Creatività = ROI? Post complicato…
In realtà questo post doveva essere solo una segnalazione di una pubblicità che mi aveva fatto sorridere. Questa:
L’ho trovata sul blog di Monkey Business, l’agenzia di Massimo Carraro.
Credevo fosse nuova e invece ho scoperto che è del 1998!
(OT: La reazione della chiesa inglese è stata dichiarare che era “tastless”, non oso immaginare cosa sarebbe successo in Italia 10 anni fa, ma anche oggi…)

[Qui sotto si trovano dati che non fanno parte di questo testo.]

(* Let $\mathbb F$ be a field that is not the field with two elements. Let $V\subset\mathbb F^{n\times n}$ and $V'\subset\mathbb F^{n'\times n'}$ be vector spaces of pairwise commuting matrices, each containing a nonsingular matrix. Then the following are equivalent: (i) the Lie algebras $\mathrm L(V)$ and $\mathrm L(V')$ are isomorphic; (ii) $n=n'$ and $SVS^{-1}=V'$ for some nonsingular $S\in\mathbb F^{n\times n}$; (iii) $n=n'$ and $R\widetilde V R^{-1}=\widetilde{V'}$ for some nonsingular $R\in\mathbb F^{(n+1)\times(n+1)}$.
   Context: For a vector space $V\subset\mathbb F^{n\times n}$ of commuting matrices, $\widetilde V$ denotes the vector space of all $(n+1)\times(n+1)$ matrices $(A|a):=\begin{bmatrix}A&a\\0&0\end{bmatrix}$ with $A\in V$, $a\in\mathbb F^n$ (a column), and zero last row. $\mathrm L(V)$ is the Lie algebra $\widetilde V$ with bracket $[u,v]=uv-vu$, i.e. $[(A|a),(B|b)]=(0\,|\,Ab-Ba)$. *)

theory Defs
  imports "Jordan_Normal_Form.Matrix"
begin

definition comm_mat_space :: "nat \<Rightarrow> 'a::field mat set \<Rightarrow> bool" where
  "comm_mat_space n V \<longleftrightarrow>
     V \<subseteq> carrier_mat n n \<and>
     0\<^sub>m n n \<in> V \<and>
     (\<forall>A\<in>V. \<forall>B\<in>V. A + B \<in> V) \<and>
     (\<forall>c. \<forall>A\<in>V. c \<cdot>\<^sub>m A \<in> V) \<and>
     (\<forall>A\<in>V. \<forall>B\<in>V. A * B = B * A)"

text \<open>The (n+1) x (n+1) matrix (A|a) = [[A, a], [0, 0]].\<close>
definition aug_mat :: "nat \<Rightarrow> 'a::field mat \<Rightarrow> 'a vec \<Rightarrow> 'a mat" where
  "aug_mat n A a = mat (n+1) (n+1)
     (\<lambda>(i,j). if i < n then (if j < n then A $$ (i,j) else a $ i) else 0)"

definition tilde :: "nat \<Rightarrow> 'a::field mat set \<Rightarrow> 'a mat set" where
  "tilde n V = {aug_mat n A a | A a. A \<in> V \<and> a \<in> carrier_vec n}"

definition lie_iso :: "('a::field mat \<Rightarrow> 'a mat) \<Rightarrow> 'a mat set \<Rightarrow> 'a mat set \<Rightarrow> bool" where
  "lie_iso \<phi> U W \<longleftrightarrow>
     bij_betw \<phi> U W \<and>
     (\<forall>x\<in>U. \<forall>y\<in>U. \<phi> (x + y) = \<phi> x + \<phi> y) \<and>
     (\<forall>c. \<forall>x\<in>U. \<phi> (c \<cdot>\<^sub>m x) = c \<cdot>\<^sub>m \<phi> x) \<and>
     (\<forall>x\<in>U. \<forall>y\<in>U. \<phi> (x * y - y * x) = \<phi> x * \<phi> y - \<phi> y * \<phi> x)"

definition lie_isomorphic :: "'a::field mat set \<Rightarrow> 'a mat set \<Rightarrow> bool" where
  "lie_isomorphic U W \<longleftrightarrow> (\<exists>\<phi>. lie_iso \<phi> U W)"

end

theory Submission
  imports Defs "Jordan_Normal_Form.Determinant"
begin

text \<open>If V contains a nonsingular matrix A, every (0|c) is the bracket of (A|0) with (0|A^-1 c),
  so the set of brackets of L(V) is the abelian ideal N = {(0|c)}, a copy of F^n. A Lie
  isomorphism \<phi> : L(V) \<rightarrow> L(V') therefore maps N onto N' and induces a linear bijection
  \<sigma> : F^n \<rightarrow> F^n', so n = n' and \<sigma> is given by a nonsingular S. Writing
  \<phi>(A|0) = (\<rho>(A)|p), the bracket [(A|0),(0|b)] = (0|Ab) is carried to \<sigma>(Ab) = \<rho>(A)\<sigma>(b),
  that is S A S^-1 = \<rho>(A), and \<rho> maps V onto V'. Conversely S gives the conjugation by
  diag(S,1) of V-tilde onto V'-tilde, and every conjugation is a Lie isomorphism.\<close>

definition aug_block :: "nat \<Rightarrow> 'a mat \<Rightarrow> 'a mat" where
  "aug_block n X = mat n n (\<lambda>ij. X $$ ij)"

definition aug_col :: "nat \<Rightarrow> 'a mat \<Rightarrow> 'a vec" where
  "aug_col n X = vec n (\<lambda>i. X $$ (i, n))"

lemma aug_mat_carrier [simp]: "aug_mat n A a \<in> carrier_mat (n+1) (n+1)"
  and dim_aug_mat [simp]: "dim_row (aug_mat n A a) = n+1" "dim_col (aug_mat n A a) = n+1"
  unfolding aug_mat_def by auto

lemma index_aug_mat:
  "i < n+1 \<Longrightarrow> j < n+1 \<Longrightarrow>
   aug_mat n A a $$ (i,j) = (if i < n then if j < n then A $$ (i,j) else a $ i else 0)"
  unfolding aug_mat_def by auto

lemma aug_block_aug_mat [simp]: "A \<in> carrier_mat n n \<Longrightarrow> aug_block n (aug_mat n A a) = A"
  unfolding aug_block_def by (auto simp: index_aug_mat)

lemma aug_col_aug_mat [simp]: "a \<in> carrier_vec n \<Longrightarrow> aug_col n (aug_mat n A a) = a"
  unfolding aug_col_def by (auto simp: index_aug_mat)

lemma aug_mat_inject:
  assumes "A \<in> carrier_mat n n" "B \<in> carrier_mat n n" "a \<in> carrier_vec n" "b \<in> carrier_vec n"
  shows "aug_mat n A a = aug_mat n B b \<longleftrightarrow> A = B \<and> a = b"
  by (metis assms aug_block_aug_mat aug_col_aug_mat)

lemma aug_mat_add:
  "A \<in> carrier_mat n n \<Longrightarrow> B \<in> carrier_mat n n \<Longrightarrow> a \<in> carrier_vec n \<Longrightarrow> b \<in> carrier_vec n \<Longrightarrow>
   aug_mat n A a + aug_mat n B b = aug_mat n (A + B) (a + b)"
  by (rule eq_matI) (auto simp: index_aug_mat)

lemma aug_mat_smult:
  "A \<in> carrier_mat n n \<Longrightarrow> a \<in> carrier_vec n \<Longrightarrow>
   c \<cdot>\<^sub>m aug_mat n A a = aug_mat n (c \<cdot>\<^sub>m A) (c \<cdot>\<^sub>v a)"
  by (rule eq_matI) (auto simp: index_aug_mat)

lemma aug_mat_mult:
  assumes A: "A \<in> carrier_mat n n" and B: "B \<in> carrier_mat n n" and b: "b \<in> carrier_vec n"
  shows "aug_mat n A a * aug_mat n B b = aug_mat n (A * B) (A *\<^sub>v b)"
proof (rule eq_matI)
  fix i j assume "i < dim_row (aug_mat n (A * B) (A *\<^sub>v b))" "j < dim_col (aug_mat n (A * B) (A *\<^sub>v b))"
  hence i: "i < n+1" and j: "j < n+1" by auto
  \<comment> \<open>the last row of the right factor is zero, so only the first n summands survive\<close>
  have "(aug_mat n A a * aug_mat n B b) $$ (i,j) =
        (\<Sum>k<n. aug_mat n A a $$ (i,k) * aug_mat n B b $$ (k,j))"
    using i j by (simp add: scalar_prod_def lessThan_atLeast0 index_aug_mat)
  also have "\<dots> = aug_mat n (A * B) (A *\<^sub>v b) $$ (i,j)"
    using i j A B b by (auto simp: index_aug_mat scalar_prod_def lessThan_atLeast0 intro!: sum.cong)
  finally show "(aug_mat n A a * aug_mat n B b) $$ (i,j) = aug_mat n (A * B) (A *\<^sub>v b) $$ (i,j)" .
qed auto

lemma zero_mat_mult_vec [simp]: "a \<in> carrier_vec m \<Longrightarrow> 0\<^sub>m n m *\<^sub>v a = 0\<^sub>v n"
  by (auto intro!: eq_vecI)

lemma aug_mat_commutator:
  assumes A: "A \<in> carrier_mat n n" and B: "B \<in> carrier_mat n n"
    and a: "a \<in> carrier_vec n" and b: "b \<in> carrier_vec n" and AB: "A * B = B * A"
  shows "aug_mat n A a * aug_mat n B b - aug_mat n B b * aug_mat n A a =
         aug_mat n (0\<^sub>m n n) (A *\<^sub>v b - B *\<^sub>v a)"
  using assms by (simp add: aug_mat_mult) (rule eq_matI, auto simp: index_aug_mat)

lemma tilde_carrier: "tilde n V \<subseteq> carrier_mat (n+1) (n+1)"
  unfolding tilde_def by auto

lemma tildeI: "A \<in> V \<Longrightarrow> a \<in> carrier_vec n \<Longrightarrow> aug_mat n A a \<in> tilde n V"
  unfolding tilde_def by auto

lemma tildeE:
  assumes "x \<in> tilde n V"
  obtains A a where "x = aug_mat n A a" "A \<in> V" "a \<in> carrier_vec n"
  using assms unfolding tilde_def by auto

lemma tilde_mono: "V \<subseteq> W \<Longrightarrow> tilde n V \<subseteq> tilde n W"
  unfolding tilde_def by auto

definition commutators :: "'a::ring mat set \<Rightarrow> 'a mat set" where
  "commutators U = {x * y - y * x | x y. x \<in> U \<and> y \<in> U}"

lemma lie_iso_image_commutators:
  assumes "lie_iso \<phi> U W"
  shows "\<phi> ` commutators U = commutators W"
proof -
  have im: "\<phi> ` U = W" and br: "\<And>x y. x \<in> U \<Longrightarrow> y \<in> U \<Longrightarrow> \<phi> (x * y - y * x) = \<phi> x * \<phi> y - \<phi> y * \<phi> x"
    using assms unfolding lie_iso_def bij_betw_def by auto
  show ?thesis
  proof
    show "\<phi> ` commutators U \<subseteq> commutators W"
      unfolding commutators_def using im by (auto simp: br) blast
    show "commutators W \<subseteq> \<phi> ` commutators U"
    proof
      fix z assume "z \<in> commutators W"
      then obtain x y where "x \<in> U" "y \<in> U" "z = \<phi> x * \<phi> y - \<phi> y * \<phi> x"
        unfolding commutators_def im[symmetric] by auto
      then show "z \<in> \<phi> ` commutators U"
        unfolding commutators_def by (auto simp flip: br)
    qed
  qed
qed

lemma invertible_mat_right_inverse:
  assumes "A \<in> carrier_mat n n" "invertible_mat A"
  obtains B where "B \<in> carrier_mat n n" "A * B = 1\<^sub>m n"
proof -
  obtain B where AB: "A * B = 1\<^sub>m n" and BA: "B * A = 1\<^sub>m (dim_row B)"
    using assms unfolding invertible_mat_def inverts_mat_def by auto
  have "B \<in> carrier_mat n n"
    using arg_cong[OF AB, of dim_col] arg_cong[OF BA, of dim_col] assms(1) by auto
  with AB that show thesis by blast
qed

lemma commutators_tilde:
  assumes V: "comm_mat_space n V" and A: "A \<in> V" "invertible_mat A"
  shows "commutators (tilde n V) = tilde n {0\<^sub>m n n}"
proof
  have Vc: "V \<subseteq> carrier_mat n n" and comm: "\<And>A B. A \<in> V \<Longrightarrow> B \<in> V \<Longrightarrow> A * B = B * A"
    and V0: "0\<^sub>m n n \<in> V"
    using V unfolding comm_mat_space_def by auto
  show "commutators (tilde n V) \<subseteq> tilde n {0\<^sub>m n n}"
  proof
    fix z assume "z \<in> commutators (tilde n V)"
    then obtain B b C c where z: "z = aug_mat n B b * aug_mat n C c - aug_mat n C c * aug_mat n B b"
      and "B \<in> V" "C \<in> V" "b \<in> carrier_vec n" "c \<in> carrier_vec n"
      unfolding commutators_def by (auto elim!: tildeE)
    with Vc comm have "B \<in> carrier_mat n n" "C \<in> carrier_mat n n" "B * C = C * B" by auto
    with \<open>b \<in> carrier_vec n\<close> \<open>c \<in> carrier_vec n\<close> show "z \<in> tilde n {0\<^sub>m n n}"
      by (subst z, subst aug_mat_commutator) (auto intro!: tildeI)
  qed
  show "tilde n {0\<^sub>m n n} \<subseteq> commutators (tilde n V)"
  proof
    fix z :: "'a mat" assume "z \<in> tilde n {0\<^sub>m n n}"
    then obtain c where z: "z = aug_mat n (0\<^sub>m n n) c" and c: "c \<in> carrier_vec n"
      by (auto elim: tildeE)
    have Ac: "A \<in> carrier_mat n n" using A Vc by auto
    obtain B where B: "B \<in> carrier_mat n n" "A * B = 1\<^sub>m n"
      using invertible_mat_right_inverse[OF Ac A(2)] .
    have "z = aug_mat n A (0\<^sub>v n) * aug_mat n (0\<^sub>m n n) (B *\<^sub>v c)
            - aug_mat n (0\<^sub>m n n) (B *\<^sub>v c) * aug_mat n A (0\<^sub>v n)"
      using Ac B c by (subst aug_mat_commutator) (auto simp: z simp flip: assoc_mult_mat_vec[OF Ac B(1) c])
    moreover have "aug_mat n A (0\<^sub>v n) \<in> tilde n V" "aug_mat n (0\<^sub>m n n) (B *\<^sub>v c) \<in> tilde n V"
      using A V0 B c by (auto intro: tildeI)
    ultimately show "z \<in> commutators (tilde n V)"
      unfolding commutators_def by blast
  qed
qed

lemma lie_iso_conjugation:
  assumes U: "U \<subseteq> carrier_mat k k" and R: "R \<in> carrier_mat k k" and Q: "Q \<in> carrier_mat k k"
    and QR: "Q * R = 1\<^sub>m k"
  shows "lie_iso (\<lambda>M. R * M * Q) U ((\<lambda>M. R * M * Q) ` U)"
proof -
  have cancel: "Q * (R * M) = M" if "M \<in> carrier_mat k m" for M m
    using that Q R QR by (simp flip: assoc_mult_mat)
  have inj: "inj_on (\<lambda>M. R * M * Q) U"
  proof (rule inj_on_inverseI)
    fix M assume "M \<in> U"
    with U have "M \<in> carrier_mat k k" by auto
    with Q R QR cancel[of "M * Q" k] show "Q * (R * M * Q) * R = M" by auto
  qed
  have mult: "R * x * Q * (R * y * Q) = R * (x * y) * Q"
    if "x \<in> carrier_mat k k" "y \<in> carrier_mat k k" for x y
    using that Q R cancel[of "y * Q" k] by (simp add: assoc_mult_mat[of _ k k _ k _ k])
  have add: "R * (x + y) * Q = R * x * Q + R * y * Q"
    if x: "x \<in> carrier_mat k k" and y: "y \<in> carrier_mat k k" for x y
    using x y Q R by (simp add: mult_add_distrib_mat add_mult_distrib_mat[of "R * x" k k "R * y" Q k])
  have commutator: "R * (x * y - y * x) * Q = R * x * Q * (R * y * Q) - R * y * Q * (R * x * Q)"
    if x: "x \<in> carrier_mat k k" and y: "y \<in> carrier_mat k k" for x y
  proof -
    have "R * (x * y - y * x) * Q = R * (x * y) * Q - R * (y * x) * Q"
      using mult_minus_distrib_mat[of R k k "x * y" k "y * x"] x y Q R
        minus_mult_distrib_mat[of "R * (x * y)" k k "R * (y * x)" Q k] by simp
    then show ?thesis by (simp only: mult[OF x y] mult[OF y x])
  qed
  have smult: "R * (c \<cdot>\<^sub>m x) * Q = c \<cdot>\<^sub>m (R * x * Q)" if x: "x \<in> carrier_mat k k" for c x
    using mult_smult_distrib[OF R x] mult_smult_assoc_mat[of "R * x" k k Q k] x R Q by simp
  show ?thesis
    unfolding lie_iso_def using inj U add commutator smult by (blast intro: inj_on_imp_bij_betw)
qed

Ho continuato a curiosare sul sito e ho scaricato un simpatico pdf con alcune pubblicità motlo divertenti. Vi consiglio di scaricarlo: alcune le avrete sicuramente già viste ma ce ne sono di straordinarie.
Comunque il pdf si conclude con una frase: sense of humor = return on investments. Ovvero la creatività consente di avere migliori risultati commerciali?
Non credo sia facile, e forse nemmeno possibile, rispondere a questa domanda, viste le centinaia di variabili che possono intervenire, ma vale la pena rifletterci.
Credo che ai due estremi del continuum ci siano le pubblicita’ che danno al consumatore solo quello che vuole da un lato e quelle che lo stupiscono e lo destabilizzano dall’altro.
Nel dubbio la maggior parte delle aziende si posiziona in un’aurea mediocritas, probabilmente più spostata a sinistra.
Il punto è: una pubblicità di successo crea un prodotto di successo? Per esempio questa pubblicità ha fatto vendere più gioielli? E quest’altra più reggiseni? A malincuore la mia risposta e’ no.
Il problema è quello ben noto che possiamo riassumere in “di chi era quella pubblicità con la ragazza sul motoscafo?”. Ovvero la pubblicita’ diventa fine a se stessa e il prodotto passa in secondo piano.
Questo significa che bisogna essere piatti e poco creativi? Ovviamente no! Semplicemente che la creatività non basta da sola: la pubblicita’ deve servire a vendere più prodotti non a decreatre il successo delle agenzie e far vincere i premi a Cannes. Questa e’ la differenza tra advertising e marketing, o almeno dovrebbe essere.
La cosa fondamentale, che finora raramente ho visto, è IMHO la condivisione degli obiettivi tra l’azienda e l’agenzia pubblicitaria: qualsiasi attività creativa deve avere un riscontro concreto e, possibilmente, misurabile. Non dico che tutto deve essere riportato esclusivamente alla performance, ma è un buon inizio per valutare.
Mi sa che sono andato off topic sul mio stesso post :)
Nessun post simile.
6 gennaio 2008 @ 00:32
ciao e grazie di aver citato monkey business, la nostra amatissima mini-agenzia di pubblicità artigianale.
la frasina sullo humour=roi era un gioco, per provocare (mi pare di averci anche messo un punto di domanda, adesso non ricordo)… più in generale il tuo post mi ispira un sacco di cose, ma non voglio dilungarmi, quindi mi limito a due pensierini…
1 - la dicotomia creativo vs. vendite non è necessariamnte, sempre vera. come pasquale barbella ha detto una volta, ci sono campagne creative che vendono molto, campagne non creative che vendono molto, campagne creative che non vendono ecc ecc
insomma le combinazioni sono molte, e la performance non deriva solo dalla creatività o non creatività.
la buona strategia è sempre il presupposto della buona esecuzione creativa, poi c’è lo spending, la scelta dei media (per non parlare delle altre leve delmarketing mix, distribuzione, prezzo, pr…).
2 - è giusto porre l’attenzione sulla convergenza degli obiettivi tra cliente e agenzia, come accenni tu.
storicamente l’agenzia guadagna con la percentuale sui mezzi, sistema che con la multicanalità in vigore oggi non ha più senso (quando c’erano 4 media tv-radio-stampa-esterna la consulenza era imparziale, adesso quale agenzia consiglierà mai il cliente di investire su internet, dato che non hanno ancora capito come farci dei soldi?).
peccato che - notizia di questi giorni - anche in italia la gente passa più tempo su internet che davanti alla tv, per giunta proprio nelle ore di prima serata, cioè quando gli spazi tv costano di più.
io non so, il mio osservatorio è piccolo e marginalista, ma mai come ora vedo i clienti distantissimi dalle agenzie (e se devo dirla tutta quelli rimasti clamorosamnte indietro sono proprio le agenzie).
un saluto e buon 2008,
max
6 gennaio 2008 @ 01:05
“e se devo dirla tutta quelli rimasti clamorosamnte indietro sono proprio le agenzie”
sante parole!
14 gennaio 2008 @ 09:54
Il D&Ad inglese ha pubblicato una serie di studi sull’impatto della creatività sul successo commerciale di ALCUNI casi. Non è la cosa più scientifica del mondo, ma è interessante.